3.5. Ablation Experiments
Ablation experiments were conducted to better test the effectiveness of each improved module for coal and gangue identification optimization. Experiment 1 is the original model, which is notated as Base. Experiment 2 models the EfficientViT network by replacing the backbone network with the EfficientViT network, notated Base_EviT, and notated EfficientViT as EViT. Experiment 3 replaces the C2f module with the DRBNCSPELAN4 module, designated as Base_DRBNCSPELAN. Experiment 4 changed the detection head to the lightweight shared convolutional detection head Detect_LSCD, henceforth referred to as Base_LSCD. Experiment 5 combined Experiments 2 and 4, denoted as Base_EViT+LSCD. Experiment 6 integrated the methodologies of Experiments 3 and 4, resulting in the designation Base_DRBNCSPELAN+LSCD. Experiment 7 is the final model DEL-YOLOv8s after combining all modules. This model has been designated as DEL-YOLOv8s.

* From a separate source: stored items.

(* Consider the static load balancing game with $m$ servers and $n$ players described in the context. There exists a function $\Phi$ on the set of action profiles $A_1\times\cdots\times A_n$ such that for every player $i\in[n]$ and any two action profiles $(a_i,a_{-i})$ and $(a'_i,a_{-i})$ that differ only in the action of player $i$, $$\Phi(a_i,a_{-i})-\Phi(a'_i,a_{-i})=D_i(a_i,a_{-i})-D_i(a'_i,a_{-i}),$$ i.e., the game is an exact potential game. In particular, the game admits a pure Nash equilibrium, and the best-response dynamics (players sequentially replacing their action by a best response to the current actions of the others) converge to a pure Nash equilibrium.
   Context: Static load balancing game: there are $m$ servers $[m]=\{1,\dots,m\}$ with service rates $\mu_j>0$ and initial loads $s_j^0\ge 0$, and $n$ players $[n]=\{1,\dots,n\}$; player $i$ holds a job of length $\lambda_i>0$ which it can split fractionally among servers. Player $i$'s action set is the probability simplex $A_i=\{a_i=(a_{i1},\dots,a_{im}):\sum_{j=1}^m a_{ij}=1,\ a_{ij}\ge 0\}$, where $a_{ij}$ is the fraction of job $i$ placed on server $j$. Given an action profile $a=(a_1,\dots,a_n)$, the cost of player $i$ is $$D_i(a)=\sum_{j=1}^m \lambda_i a_{ij}\left(\frac{\lambda_i a_{ij}}{2\mu_j}+\frac{s_j^0+\sum_{k\neq i}\lambda_k a_{kj}}{\mu_j}\right),$$ and each player wishes to minimize its own cost. A pure Nash equilibrium is a profile $a$ with $D_i(a_i,a_{-i})\le D_i(a_i',a_{-i})$ for all $i$ and all $a_i'\in A_i$. *)

theory Defs
  imports "HOL-Analysis.Analysis" "HOL-Library.FuncSet"
begin

definition action_simplex :: "nat \<Rightarrow> (nat \<Rightarrow> real) set" where
  "action_simplex m = {b \<in> {..<m} \<rightarrow>\<^sub>E UNIV. (\<forall>j<m. b j \<ge> 0) \<and> (\<Sum>j<m. b j) = 1}"

definition action_profiles :: "nat \<Rightarrow> nat \<Rightarrow> (nat \<Rightarrow> nat \<Rightarrow> real) set" where
  "action_profiles n m = {..<n} \<rightarrow>\<^sub>E action_simplex m"

text \<open>Cost D_i(a) of player i (lam = job lengths, mu = service rates, s0 = initial loads).\<close>
definition cost ::
  "nat \<Rightarrow> nat \<Rightarrow> (nat \<Rightarrow> real) \<Rightarrow> (nat \<Rightarrow> real) \<Rightarrow> (nat \<Rightarrow> real)
     \<Rightarrow> (nat \<Rightarrow> nat \<Rightarrow> real) \<Rightarrow> nat \<Rightarrow> real" where
  "cost n m lam mu s0 a i =
     (\<Sum>j<m. lam i * a i j *
        (lam i * a i j / (2 * mu j) + (s0 j + (\<Sum>k\<in>{..<n} - {i}. lam k * a k j)) / mu j))"

definition is_best_response ::
  "nat \<Rightarrow> nat \<Rightarrow> (nat \<Rightarrow> real) \<Rightarrow> (nat \<Rightarrow> real) \<Rightarrow> (nat \<Rightarrow> real)
     \<Rightarrow> (nat \<Rightarrow> nat \<Rightarrow> real) \<Rightarrow> nat \<Rightarrow> (nat \<Rightarrow> real) \<Rightarrow> bool" where
  "is_best_response n m lam mu s0 a i b \<longleftrightarrow>
     b \<in> action_simplex m \<and>
     (\<forall>b'\<in>action_simplex m. cost n m lam mu s0 (a(i := b)) i \<le> cost n m lam mu s0 (a(i := b')) i)"

definition pure_NE ::
  "nat \<Rightarrow> nat \<Rightarrow> (nat \<Rightarrow> real) \<Rightarrow> (nat \<Rightarrow> real) \<Rightarrow> (nat \<Rightarrow> real)
     \<Rightarrow> (nat \<Rightarrow> nat \<Rightarrow> real) \<Rightarrow> bool" where
  "pure_NE n m lam mu s0 a \<longleftrightarrow>
     a \<in> action_profiles n m \<and>
     (\<forall>i<n. \<forall>b\<in>action_simplex m. cost n m lam mu s0 a i \<le> cost n m lam mu s0 (a(i := b)) i)"

definition br_dynamics ::
  "nat \<Rightarrow> nat \<Rightarrow> (nat \<Rightarrow> real) \<Rightarrow> (nat \<Rightarrow> real) \<Rightarrow> (nat \<Rightarrow> real)
     \<Rightarrow> (nat \<Rightarrow> nat \<Rightarrow> nat \<Rightarrow> real) \<Rightarrow> bool" where
  "br_dynamics n m lam mu s0 x \<longleftrightarrow>
     x 0 \<in> action_profiles n m \<and>
     (\<forall>t. \<exists>b. is_best_response n m lam mu s0 (x t) (t mod n) b \<and>
              x (Suc t) = (x t)(t mod n := b))"

end

theory Submission
  imports Defs
begin

text \<open>With \<open>L\<^sub>j(a)\<close> the total load on server \<open>j\<close>, the function
  \<open>\<Phi>(a) = \<Sum>\<^sub>j (s\<^sub>j\<^sup>0 + L\<^sub>j(a))\<^sup>2 / (2\<mu>\<^sub>j)\<close> is an exact potential.
  It depends on the loads only and is minimised exactly by the profiles realising the
  water-filling loads; every minimiser is a Nash equilibrium.

  A best response satisfies a variational inequality in the latencies
  \<open>(s\<^sub>j\<^sup>0 + L\<^sub>j) / \<mu>\<^sub>j\<close>, so each step of the dynamics lowers \<open>\<Phi>\<close> by at least the
  weighted squared change of the loads. During a round of \<open>n\<close> steps every player moves once,
  and the latencies drift by at most a quantity whose square is bounded by the decrease of \<open>\<Phi>\<close>
  in that round. Comparing the profile at the end of the round with a nearby optimal profile
  (moving mass from overloaded to underloaded servers costs at most the load discrepancy)
  bounds the gap \<open>\<Phi> - min \<Phi>\<close> by a constant times that decrease. So the gap decays
  geometrically, the steps, bounded by the square root of the gap, are summable, the actions
  converge, and the limit minimises \<open>\<Phi>\<close>.\<close>

lemma action_simplexD:
  assumes "b \<in> action_simplex m"
  shows "\<And>j. j < m \<Longrightarrow> 0 \<le> b j" and "(\<Sum>j<m. b j) = 1"
  using assms unfolding action_simplex_def by (auto simp: PiE_iff)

Table 2 displays the experimental findings.
As illustrated in
Table 2, the dimensional size, number of parameters, and GLOPs of the base model are 21.4 M, 11.13 M, and 28.4, respectively. When the three improved modules are combined with the base model alone, the model size, number of parameters, and FLOPs are all reduced while maintaining similar accuracy, indicating that all three modules exhibit varying degrees of lightweight efficacy and are well-suited for coal gangue sorting scenarios. The model after the two-by-two combination of the three modules shows a substantial reduction in model size, the number of parameters, and FLOPs, with the most significant change in the number of parameters. Upon combining the three modules, the DEL-YOLOv8s model size is reduced to 10.2 M, the number of parameters is only 4.97 M, and the FLOPs are 14.1 G. This represents a reduction of 11.2 M, 6.16 M, and 14.3 G, respectively, in comparison to the base model. In addition, the inference speed test conducted on a Raspberry Pi 4B device yielded a result of 937.7 ms/frame, which is a speed improvement of 20.87% compared to the base model. The model has been demonstrated to effectively reduce the complexity and computational requirements of the original model while maintaining high performance. It has also been shown to shorten the inference time, which is conducive to improving operational efficiency in the practical application of coal gangue sorting.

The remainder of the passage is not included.